▸ PROVIDED RECORDS:
+ + + + +

lemma prod_higher_deriv_shifted_Arctan:
  assumes "partition_on {1..m} \<nu>"
  shows "(\<Prod>B\<in>\<nu>. (deriv ^^ card B) (\<lambda>t. a - of_nat n * Arctan t) 0)
       = (if \<nu> \<in> odd_partitions m
          then (-1) ^ card \<nu> * ((-\<i>) ^ m * (\<i> * of_nat n) ^ card \<nu> * of_int (mobius_part \<nu>)) else 0)"
proof -
  have "(deriv ^^ card B) (\<lambda>t. a - of_nat n * Arctan t) 0
      = - of_nat n * fact (card B - 1) * (if even (card B - 1) then (-1) ^ ((card B - 1) div 2) else 0)"
    if "B \<in> \<nu>" for B
  proof -
    have "Suc (card B - 1) = card B"
      using partition_on_block(1,2)[OF assms that] finite_subset[of B "{1..m}"]
      by (simp add: card_gt_0_iff)
    then show ?thesis
      using higher_deriv_shifted_Arctan_at_0[of "card B - 1" a n] by simp
  qed
  then have "(\<Prod>B\<in>\<nu>. (deriv ^^ card B) (\<lambda>t. a - of_nat n * Arctan t) 0)
      = (\<Prod>B\<in>\<nu>. - of_nat n * fact (card B - 1) * (if even (card B - 1) then (-1) ^ ((card B - 1) div 2) else 0))"
    by (rule prod.cong[OF refl])
  also have "\<dots> = (if \<nu> \<in> odd_partitions m
         then (-1) ^ card \<nu> * (-\<i>) ^ m * (\<i> * of_nat n) ^ card \<nu> * of_int (mobius_part \<nu>) else 0)"
    by (rule prod_block_factors_eq_mobius[OF assms])
  finally show ?thesis
    by (simp only: mult.assoc)
qed

lemma faa_di_bruno_term_cot_Arctan:
  fixes a :: complex
  assumes "partition_on {1..m} \<nu>" and "m \<ge> 1" and "sin a \<noteq> 0"
  shows "(deriv ^^ (card \<nu> - 1)) (\<lambda>y. - cot y) a
           * (\<Prod>B\<in>\<nu>. (deriv ^^ card B) (\<lambda>t. a - of_nat n * Arctan t) 0)
       = (if \<nu> \<in> odd_partitions m
          then (-\<i>) ^ m * (poly (map_poly of_real (deriv_poly (card \<nu> - 1))) (cot a)
                 * (\<i> * of_nat n) ^ card \<nu> * of_int (mobius_part \<nu>))
          else 0)"
proof -
  have "finite \<nu>"
    using finite_elements[OF _ assms(1)] by simp
  moreover have "\<nu> \<noteq> {}"
    using assms(1,2) by (auto simp: partition_on_def)
  ultimately have "card \<nu> > 0"
    by (simp add: card_gt_0_iff)
  have sign: "- ((-1::complex) ^ (card \<nu> - 1) * P) * ((-1) ^ card \<nu> * Z) = P * Z" for P Z
  proof -
    have "- ((-1::complex) ^ (card \<nu> - 1) * P) * ((-1) ^ card \<nu> * Z)
        = - ((-1) ^ (card \<nu> - 1) * (-1) ^ card \<nu>) * (P * Z)"
      by (simp add: algebra_simps)
    also have "(-1::complex) ^ (card \<nu> - 1) * (-1) ^ card \<nu> = -1"
      using \<open>card \<nu> > 0\<close> by (cases "card \<nu>") simp_all
    finally show ?thesis
      by simp
  qed
  show ?thesis
  proof (cases "\<nu> \<in> odd_partitions m")
    case True
    show ?thesis
      unfolding higher_deriv_neg_cot[OF assms(3)] prod_higher_deriv_shifted_Arctan[OF assms(1)] if_P[OF True]
      by (rule sign[THEN trans]) (simp add: mult_ac)
  qed (simp add: prod_higher_deriv_shifted_Arctan[OF assms(1)])
qed

theorem sum_cot_power_complex:
  fixes a :: complex
  assumes "m \<ge> 1" and "n > 0" and "sin a \<noteq> 0"
    and "\<And>k. k < n \<Longrightarrow> sin ((a + of_nat k * pi) / of_nat n) \<noteq> 0"
  shows "(\<Sum>k<n. cot ((a + of_nat k * pi) / of_nat n) ^ m)
    = (-1) ^ (m div 2) * of_nat n * (if even m then 1 else 0)
      + ((-\<i>) ^ m / fact (m - 1)) *
        (\<Sum>\<nu>\<in>odd_partitions m. poly (map_poly of_real (deriv_poly (card \<nu> - 1))) (cot a)
           * (\<i> * of_nat n) ^ card \<nu> * of_int (mobius_part \<nu>))"
proof -
  obtain j where m: "m = Suc j"
    using assms(1) by (cases m) auto
  define X where "X \<nu> = poly (map_poly of_real (deriv_poly (card \<nu> - 1))) (cot a)
      * (\<i> * of_nat n) ^ card \<nu> * of_int (mobius_part \<nu>)" for \<nu>
  have partitions_finite: "finite {\<nu>. partition_on {1..m} \<nu>}"
    by (simp add: finitely_many_partition_on)
  have "(\<Sum>\<nu> | partition_on {1..m} \<nu>. (deriv ^^ (card \<nu> - 1)) (\<lambda>y. - cot y) a
          * (\<Prod>B\<in>\<nu>. (deriv ^^ card B) (\<lambda>t. a - of_nat n * Arctan t) 0))
      = (\<Sum>\<nu> | partition_on {1..m} \<nu>. if \<nu> \<in> odd_partitions m then (-\<i>) ^ m * X \<nu> else 0)"
    unfolding X_def
    by (intro sum.cong refl, rule faa_di_bruno_term_cot_Arctan[OF _ assms(1,3)]) simp
  also have "\<dots> = (\<Sum>\<nu>\<in>{\<nu> \<in> {\<nu>. partition_on {1..m} \<nu>}. \<nu> \<in> odd_partitions m}. (-\<i>) ^ m * X \<nu>)"
    by (rule sum.inter_filter[OF partitions_finite, symmetric])
  also have "{\<nu> \<in> {\<nu>. partition_on {1..m} \<nu>}. \<nu> \<in> odd_partitions m} = odd_partitions m"
    by (auto simp: odd_partitions_def)
  finally have "fact j * (\<Sum>k<n. cot ((a + of_nat k * pi) / of_nat n) ^ m)
      = (-\<i>) ^ m * (\<Sum>\<nu>\<in>odd_partitions m. X \<nu>)
        + fact j * (- of_nat n * (if odd j then (-1) ^ (j div 2) else 0))"
    using power_sum_cot_eq_faa_di_bruno[OF assms(2-4), of j]
    by (simp add: m higher_deriv_div_one_plus_square_at_0 sum_distrib_left)
  also have "- of_nat n * (if odd j then (-1) ^ (j div 2) else 0)
      = (-1) ^ (m div 2) * of_nat n * (if even m then 1 else (0::complex))"
    by (cases "odd j") (auto simp: m elim!: oddE)
  finally show ?thesis
    unfolding X_def[symmetric] m diff_Suc_1 by (simp add: field_simps)
qed

lemma sin_shifted_complex_nonzero:
  fixes \<alpha> :: real
  assumes "n > 0" and "\<forall>j::int. \<alpha> \<noteq> of_int j * pi"
  shows "sin ((complex_of_real \<alpha> + of_nat k * pi) / of_nat n) \<noteq> 0"
proof -
  have "(complex_of_real \<alpha> + of_nat k * pi) / of_nat n = complex_of_real ((\<alpha> + real k * pi) / real n)"
    by simp
  moreover have "sin ((\<alpha> + real k * pi) / real n) \<noteq> 0"
  proof
    assume "sin ((\<alpha> + real k * pi) / real n) = 0"
    then obtain i :: int where "(\<alpha> + real k * pi) / real n = of_int i * pi"
      by (auto simp: sin_zero_iff_int2)
    then have "\<alpha> = of_int (int n * i - int k) * pi"
      using assms(1) by (simp add: field_simps)
    then show False
      using assms(2) by blast
  qed
  ultimately show ?thesis
    by (simp only: sin_of_real of_real_eq_0_iff not_False_eq_True)
qed

theorem theorem6p1:
  fixes m n :: nat and \<alpha> :: real
  assumes "m \<ge> 1" and "n \<ge> 2" and "\<forall>j::int. \<alpha> \<noteq> of_int j * pi"
  shows "complex_of_real (\<Sum>k<n. cot ((\<alpha> + real k * pi) / real n) ^ m)
    = complex_of_real ((-1) ^ (m div 2) * real n * (if even m then 1 else 0))
      + ((- \<i>) ^ m / of_nat (fact (m - 1))) *
        (\<Sum>\<nu>\<in>odd_partitions m.
           complex_of_real (poly (deriv_poly (card \<nu> - 1)) (cot \<alpha>))
           * (\<i> * of_nat n) ^ card \<nu> * of_int (mobius_part \<nu>))"
proof -
  have sin_nonzero: "sin ((complex_of_real \<alpha> + of_nat k * pi) / of_nat n) \<noteq> 0" for k
    using assms(2,3) by (intro sin_shifted_complex_nonzero) auto
  have "sin (complex_of_real \<alpha>) \<noteq> 0"
    using sin_shifted_complex_nonzero[of 1 \<alpha> 0] assms(3) by simp
  then have complex_formula: "(\<Sum>k<n. cot ((complex_of_real \<alpha> + of_nat k * pi) / of_nat n) ^ m)
    = (-1) ^ (m div 2) * of_nat n * (if even m then 1 else 0)
      + ((-\<i>) ^ m / fact (m - 1)) *
        (\<Sum>\<nu>\<in>odd_partitions m. poly (map_poly of_real (deriv_poly (card \<nu> - 1))) (cot (complex_of_real \<alpha>))
           * (\<i> * of_nat n) ^ card \<nu> * of_int (mobius_part \<nu>))"
    using assms(1,2) sin_nonzero by (intro sum_cot_power_complex) auto
  have lhs: "complex_of_real (\<Sum>k<n. cot ((\<alpha> + real k * pi) / real n) ^ m)
      = (\<Sum>k<n. cot ((complex_of_real \<alpha> + of_nat k * pi) / of_nat n) ^ m)"
    by (simp add: cot_of_real)
  have "poly (map_poly of_real p) (cot (complex_of_real \<alpha>)) = complex_of_real (poly p (cot \<alpha>))" for p
    by (simp add: poly_map_poly_of_real flip: cot_of_real)
  then show ?thesis
    unfolding lhs complex_formula by (simp add: of_nat_fact)
qed

end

+ + + + +

▸ TASK GOAL:
Exactly how many lines of the material contain the word "lemma"? Write the number alone.

▸ RESPONSE TO THE TASK:
3